Kinematics of Circular Motion

Before forces, we need the geometry. Circular motion introduces angular quantities that parallel every linear kinematic concept.

An object in uniform circular motion moves at constant speed along a circular path of radius $r$. The word "uniform" means the speed is constant — but since direction continuously changes, the velocity vector is not constant. This changing velocity implies acceleration.

Angular position

Angle θ

$\theta$ in radians

One full revolution = $2\pi$ rad = 360°. Radians are dimensionless ratios of arc length to radius: $\theta = s/r$.

Angular velocity

ω (omega)

$\omega = \dfrac{d\theta}{dt}$

Rate of angular change. Unit: rad/s. Relates to period: $\omega = 2\pi/T$ and to linear speed: $v = \omega r$.

Period & frequency

T and f

$T = 1/f = 2\pi/\omega$

Period $T$ is the time for one full revolution. Frequency $f$ is revolutions per second (Hz). These three are all interchangeable.

The key kinematic relations

Angular–Linear equivalence

Linear speed from ω

$$v = \omega r$$

A point further from the centre moves faster, even at the same $\omega$. This is why the tip of a spinning blade moves faster than the hub.

Period from speed

$$T = \frac{2\pi r}{v}$$

Circumference divided by speed. The time to complete one full circle.

Full angular equivalences

$$\omega = \frac{2\pi}{T} = 2\pi f$$

Three ways to express the same rotational rate.

Symbol reference

Symbol	Quantity	SI Unit	Linear analogue
$\theta$	Angular position	rad	$x$ (position)
$\omega$	Angular velocity	rad s⁻¹	$v$ (velocity)
$\alpha$	Angular acceleration	rad s⁻²	$a$ (acceleration)
$r$	Radius	m	—
$T$	Period	s	—
$f$	Frequency	Hz = s⁻¹	—
$v$	Tangential speed	m s⁻¹	$v$ (same)

§ 02

Centripetal Acceleration & Force

The acceleration of circular motion always points toward the centre. By Newton's second law, a net inward force must be responsible.

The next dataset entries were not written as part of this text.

definition pu :: "(pt \<Rightarrow> real) \<Rightarrow> pt \<Rightarrow> real" where
  "pu f p = deriv (\<lambda>s. f (s, snd p)) (fst p)"

definition pv :: "(pt \<Rightarrow> real) \<Rightarrow> pt \<Rightarrow> real" where
  "pv f p = deriv (\<lambda>t. f (fst p, t)) (snd p)"

primrec pd :: "bool list \<Rightarrow> (pt \<Rightarrow> real) \<Rightarrow> pt \<Rightarrow> real" where
  "pd [] f = f"
| "pd (b # bs) f = (if b then pu (pd bs f) else pv (pd bs f))"

definition C_inf_on :: "pt set \<Rightarrow> (pt \<Rightarrow> real) \<Rightarrow> bool" where
  "C_inf_on U f \<longleftrightarrow> open U \<and>
     (\<forall>bs. continuous_on U (pd bs f) \<and>
        (\<forall>p\<in>U. (\<lambda>s. pd bs f (s, snd p)) differentiable (at (fst p)) \<and>
               (\<lambda>t. pd bs f (fst p, t)) differentiable (at (snd p))))"

text \<open>Smooth on an arbitrary (e.g. relatively open, with boundary) set: smooth on an
  open neighbourhood of it.\<close>
definition smooth_on :: "pt set \<Rightarrow> (pt \<Rightarrow> real) \<Rightarrow> bool" where
  "smooth_on G f \<longleftrightarrow> (\<exists>U. G \<subseteq> U \<and> C_inf_on U f)"

definition hawking_mass :: "(pt \<Rightarrow> real) \<Rightarrow> (pt \<Rightarrow> real) \<Rightarrow> pt \<Rightarrow> real" where
  "hawking_mass \<Omega> r p = r p / 2 * (1 + 4 / (\<Omega> p)^2 * pu r p * pv r p)"

definition C_in :: "real \<Rightarrow> real \<Rightarrow> pt set" where
  "C_in u0 v0 = {p. 0 \<le> fst p \<and> fst p \<le> u0 \<and> snd p = v0}"

definition C_out :: "real \<Rightarrow> pt set" where
  "C_out v0 = {p. fst p = 0 \<and> v0 \<le> snd p}"

definition regR :: "pt set \<Rightarrow> (pt \<Rightarrow> real) \<Rightarrow> pt set" where
  "regR G r = {p \<in> G. pv r p > 0 \<and> pu r p < 0}"

definition regT :: "pt set \<Rightarrow> (pt \<Rightarrow> real) \<Rightarrow> pt set" where
  "regT G r = {p \<in> G. pv r p < 0 \<and> pu r p < 0}"

definition regA :: "pt set \<Rightarrow> (pt \<Rightarrow> real) \<Rightarrow> pt set" where
  "regA G r = {p \<in> G. pv r p = 0 \<and> pu r p < 0}"

definition W_set :: "pt set \<Rightarrow> (pt \<Rightarrow> real) \<Rightarrow> real \<Rightarrow> real \<Rightarrow> pt set" where
  "W_set G r rplus \<delta> = {p \<in> G. r p \<ge> rplus - \<delta>}"

text \<open>A subset S of K(u0,v0) terminates (its future limit point in the compactification
  [0,u0] x [v0,infinity] lies) at the point (ustar, infinity): S reaches v = infinity and
  for large v its points converge to u = ustar.\<close>
definition terminates_at :: "pt set \<Rightarrow> real \<Rightarrow> bool" where
  "terminates_at S ustar \<longleftrightarrow>
     (\<forall>V. \<exists>p\<in>S. snd p \<ge> V) \<and>
     (\<forall>\<epsilon>>0. \<exists>V. \<forall>p\<in>S. snd p \<ge> V \<longrightarrow> \<bar>fst p - ustar\<bar> < \<epsilon>)"

text \<open>i+ = (0,infinity) is a limit point of S in [0,u0] x [v0,infinity].\<close>
definition asymptotic_to_EH :: "pt set \<Rightarrow> bool" where
  "asymptotic_to_EH S \<longleftrightarrow> (\<forall>\<epsilon>>0. \<forall>V. \<exists>p\<in>S. fst p < \<epsilon> \<and> snd p > V)"

end

theory Submission
  imports Defs
begin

Even at constant speed, a circularly moving object has an acceleration — because its velocity direction is changing. This centripetal acceleration ("centre-seeking") always points perpendicular to the velocity, directly toward the centre of the circle.

Centripetal acceleration & force

Centripetal acceleration

$$a_c = \frac{v^2}{r} = \omega^2 r$$

Both forms are equivalent via $v = \omega r$. Points radially inward at every instant.

Centripetal force (Newton II)

$$F_c = \frac{mv^2}{r} = m\omega^2 r$$

Not a new type of force. This is whatever existing force (gravity, tension, friction, normal) is providing the inward net force.

✗ The biggest misconception in circular motion "Centrifugal force" — the sensation of being flung outward in a turning car — is not a real force in an inertial reference frame. It is a fictitious force that appears only in the non-inertial (rotating) frame. In the inertial frame, the car seat pushes you inward (centripetal). We return to this in §7.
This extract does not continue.